CFMEU leader takes call to #changetherules to the International Labour Conference in Geneva

05 June 2018 02:13

 

Dave Noonan, National Secretary of the Construction and General Division of the CFMEU, and Vice-President of BWI Asia Pacific Region, addressed the International Labour Conference in Geneva, sharing the union’s resistance to the Australian Government’s anti-people agenda and the union's demand to #changetherules for better and more secure jobs. 

The CFMEU and other construction unions have been in the direct firing line of that agenda, including being targeted by a Royal Commission, an industry-specific “watchdog” that violates workers’ basic human and worker rights, as well as other special rules intended to limit their effectiveness.

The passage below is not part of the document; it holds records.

(* Consider a system in general triangular form (GTF) with states $z^1,\dots,z^n$, drift vector field \[ a = \sum_{i=1}^{k_1-1} z^{i+1}\partial_{z^i} + \sum_{i=k_1+1}^{k_1+k_2-1} z^{i+1}\partial_{z^i} + \sum_{l=k_1+k_2}^{n-1} a^l\,\partial_{z^l}, \] and input vector fields $b_1 = \partial_{z^{k_1}} + \sum_{l=k_1+k_2}^{n-1} b^l\,\partial_{z^l}$, $b_2 = \partial_{z^n}$. Define $D_0=0$, $D_1 = \mathrm{span}\{b_1,b_2\}$ and $D_{i+1} = D_i + [a,D_i]$ for $i=1,\dots,p$, and assume that $D_1,\dots,D_p$ are involutive and $D_{p+1}$ is non-involutive. Assume further that $D_{p-1}\subset D_p\subset D_{p+1}$ with corank $2$ at each inclusion, that $D_p\not\subset \mathcal{C}(D_{p+1})$, that $[a,D_{p-1}]\subset D_p$ and $D_{p+1} = D_p + [a,D_p]$. Then $v_c := \partial_{z^{n-(p-1)}}$ is a valid choice of the vector field $v_c$ in the following sense: with $v_1 = \mathrm{ad}_a^{p-1} b_1$ and $v_2 = \partial_{z^{n-(p-1)}}$ one has $D_p = D_{p-1} + \mathrm{span}\{v_1,v_2\}$, and $(\alpha^1,\alpha^2) = (0,1)$ is a nontrivial solution of \[ (\alpha^1)^2[v_1,[v_1,a]] + 2\alpha^1\alpha^2[v_1,[v_2,a]] + (\alpha^2)^2[v_2,[v_2,a]] \in D_{p+1}, \] so that $v_c = \alpha^1 v_1 + \alpha^2 v_2 = \partial_{z^{n-(p-1)}}$ is a candidate vector field $v_c\in D_p$, $v_c\notin D_{p-1}$, for which $H_1 = D_{p-1}+\mathrm{span}\{v_c\}$ and $H_2 = D_p + \mathrm{span}\{[a,v_c]\}$ could satisfy $H_1\subset\mathcal{C}(H_2)$.
   Context: The general triangular form (GTF) with integers $k_1,k_2\ge1$, $k_1+k_2\le n$, states $z^1,\dots,z^n$ and inputs $v^1,v^2$ is $\dot z = a(z) + b_1(z)v^1 + b_2(z)v^2$ with $a,b_1,b_2$ as in the claim, i.e. $\dot z^i = z^{i+1}$ ($i=1,\dots,k_1-1$), $\dot z^{k_1}=v^1$, $\dot z^i = z^{i+1}$ ($i=k_1+1,\dots,k_1+k_2-1$), $\dot z^l = a^l(z^1,\dots,z^{l+1}) + b^l(z^1,\dots,z^{l+1})v^1$ ($l=k_1+k_2,\dots,n-1$), $\dot z^n = v^2$, where $b^{k_1+k_2}\neq0$ and for each $l$, $\partial_{z^{l+1}}a^l\ne0$ or $\partial_{z^{l+1}}b^l\ne0$. All objects are smooth, distributions have locally constant rank, statements are local at generic points. $[v,w]$ is the Lie bracket; $\mathrm{ad}_a b = [a,b]$, $\mathrm{ad}_a^{i} b = [a,\mathrm{ad}_a^{i-1}b]$, $\mathrm{ad}_a^0 b = b$; for distributions, $[D_1,D_2]$ is the span of brackets of their basis vector fields and $[v,D]$ the span of brackets of $v$ with basis fields of $D$. The Cauchy characteristic distribution $\mathcal{C}(D)$ is spanned by all $v\in D$ with $[v,D]\subset D$. "Corank $2$" for $D\subset D'$ means $\dim D' - \dim D = 2$. *)

theory Defs
  imports "HOL-Analysis.Analysis"
begin

text \<open>Points of R^n are modelled as functions nat => real; only the coordinates 1..n matter.
 Vector fields map a point to a vector (nat => real), components 1..n.\<close>

type_synonym pt = "nat \<Rightarrow> real"
type_synonym vfield = "pt \<Rightarrow> nat \<Rightarrow> real"

definition open_n :: "nat \<Rightarrow> pt set \<Rightarrow> bool" where
  "open_n n U \<longleftrightarrow> (\<forall>z\<in>U. \<exists>e>0. \<forall>w. (\<forall>j\<in>{1..n}. \<bar>w j - z j\<bar> < e) \<longrightarrow> w \<in> U)"

definition cont_n :: "nat \<Rightarrow> pt set \<Rightarrow> (pt \<Rightarrow> real) \<Rightarrow> bool" where
  "cont_n n U f \<longleftrightarrow> (\<forall>z\<in>U. \<forall>\<epsilon>>0. \<exists>\<delta>>0. \<forall>w\<in>U.
      (\<forall>j\<in>{1..n}. \<bar>w j - z j\<bar> < \<delta>) \<longrightarrow> \<bar>f w - f z\<bar> < \<epsilon>)"

definition dpart :: "nat \<Rightarrow> (pt \<Rightarrow> real) \<Rightarrow> pt \<Rightarrow> real" where
  "dpart i f z = deriv (\<lambda>t. f (z(i := t))) (z i)"

fun ipart :: "nat list \<Rightarrow> (pt \<Rightarrow> real) \<Rightarrow> pt \<Rightarrow> real" where
  "ipart [] f = f"
| "ipart (i # is) f = dpart i (ipart is f)"

definition smooth_on :: "nat \<Rightarrow> pt set \<Rightarrow> (pt \<Rightarrow> real) \<Rightarrow> bool" where
  "smooth_on n U f \<longleftrightarrow> (\<forall>is. set is \<subseteq> {1..n} \<longrightarrow>
      cont_n n U (ipart is f) \<and>
      (\<forall>i\<in>{1..n}. \<forall>z\<in>U. (\<lambda>t. ipart is f (z(i := t))) differentiable (at (z i))))"

definition smooth_vf :: "nat \<Rightarrow> pt set \<Rightarrow> vfield \<Rightarrow> bool" where
  "smooth_vf n U v \<longleftrightarrow> (\<forall>j\<in>{1..n}. smooth_on n U (\<lambda>z. v z j))"

definition lie :: "nat \<Rightarrow> vfield \<Rightarrow> vfield \<Rightarrow> vfield" where
  "lie n v w = (\<lambda>z j. \<Sum>i=1..n. v z i * dpart i (\<lambda>y. w y j) z - w z i * dpart i (\<lambda>y. v y j) z)"

fun ad_pow :: "nat \<Rightarrow> vfield \<Rightarrow> nat \<Rightarrow> vfield \<Rightarrow> vfield" where
  "ad_pow n a 0 b = b"
| "ad_pow n a (Suc i) b = lie n a (ad_pow n a i b)"

definition coord_vf :: "nat \<Rightarrow> vfield" where
  "coord_vf i = (\<lambda>z j. if j = i then 1 else 0)"

definition in_span :: "nat \<Rightarrow> (nat \<Rightarrow> real) list \<Rightarrow> (nat \<Rightarrow> real) \<Rightarrow> bool" where
  "in_span n vs x \<longleftrightarrow> (\<exists>c. \<forall>j\<in>{1..n}. x j = (\<Sum>k<length vs. c k * (vs ! k) j))"
theorem corollary14:
  fixes V :: "'v set" and E :: "('v \<times> 'v) set" and \<tau> :: "'t set"
    and f :: "'t \<Rightarrow> real" and \<alpha> :: 't and M0 :: "'v \<Rightarrow> 't"
  assumes G: "connected_graph V E"
    and tau_fin: "finite \<tau>" and k_gt1: "card \<tau> > 1"
    and f_rat: "\<forall>j\<in>\<tau>. f j \<in> \<rat> \<and> f j \<ge> 1"
    and alpha: "\<alpha> \<in> tau_plus \<tau> f"
    and fstar: "Max (f ` (\<tau> - {\<alpha>})) < f \<alpha>"
    and M0: "M0 \<in> Omega0 V \<tau>"
  shows "expected_absorption V E f \<alpha> M0
         \<le> ennreal (fplus \<tau> f / (fplus \<tau> f - Max (f ` (\<tau> - {\<alpha>})))
                    * (real (card V) + 1) * real (card V) ^ 3)"
proof -
  define fs where "fs = Max (f ` (\<tau> - {\<alpha>}))"
  have "\<alpha> \<in> \<tau>" and f_\<alpha>: "f \<alpha> = fplus \<tau> f"
    using alpha by (auto simp: tau_plus_def)
  have "\<not> \<tau> \<subseteq> {\<alpha>}" using k_gt1 card_mono[of "{\<alpha>}" \<tau>] by auto
  then obtain \<beta> where "\<beta> \<in> \<tau>" "\<beta> \<noteq> \<alpha>" by blast
  have types: "M0 ` V = \<tau>" using M0 by (simp add: Omega0_def)
  obtain u v where "u \<in> V" "M0 u = \<alpha>" "v \<in> V" "M0 v = \<beta>"
    using \<open>\<alpha> \<in> \<tau>\<close> \<open>\<beta> \<in> \<tau>\<close> unfolding types[symmetric] by blast
  then interpret moran_graph V E \<tau> f
    using \<open>\<beta> \<noteq> \<alpha>\<close> f_rat by (intro moran_graph_if_connected[OF G, of u v]) force+
  have "expected_absorption V E f \<alpha> M0 \<le> ennreal (f \<alpha> / (f \<alpha> - fs) * real (card V) ^ 4)"
  proof (rule expected_absorption_le[OF G \<open>\<alpha> \<in> \<tau>\<close>])
    show "\<forall>j\<in>\<tau>. f j \<le> f \<alpha>" and "\<forall>j\<in>\<tau> - {\<alpha>}. f j \<le> fs"
      using tau_fin by (simp_all add: f_\<alpha> fplus_def fs_def)
  qed (use fstar types in \<open>auto simp: fs_def\<close>)
  also have "\<dots> \<le> ennreal (f \<alpha> / (f \<alpha> - fs) * ((real (card V) + 1) * real (card V) ^ 3))"
    using fitness_pos[OF \<open>\<alpha> \<in> \<tau>\<close>] fstar
      mult_right_mono[of "real (card V)" "real (card V) + 1" "real (card V) ^ 3"]
    by (intro ennreal_leI mult_left_mono) (auto simp: fs_def eval_nat_numeral)
  finally show ?thesis unfolding fs_def f_\<alpha> mult.assoc .
qed

end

“Last year the CFMEU, the ACTU and the BWI filed a joint complaint to the ILO Committee on Freedom of Association regarding the Australian Building and Construction Commission (ABCC)”, said Noonan.

Noonan described how the Australian Building and Construction Commission (ABCC) massively increases penalties for so-called ‘unlawful industrial action’ and grants coercive investigative powers in violation of the right to silence.

“Despite the millions spent to try and hold us back, this poorly orchestrated attack on construction workers’ rights is falling to pieces”, said Noonan, “while our trade union movement is going from strength to strength.”

Noonan also mentioned the efforts of trade unions in the Philippines “exposing the dictatorial tendency of President Duterte and making him accountable to more than 13,000 deaths on the fake war against drugs and failing to fulfil his election promise to end contractualisation.”

He also noted the struggles of unions in Cambodia, Fiji, and South Korea to ensure their governments comply with core. ILO Conventions.

Noonan ended his intervention announcing the support of BWI for the adoption of an ILO Convention, accompanied by a Recommendation, on “Violence and harassment against women and men in the world of work”, with a strong focus on the gender dimension of violence.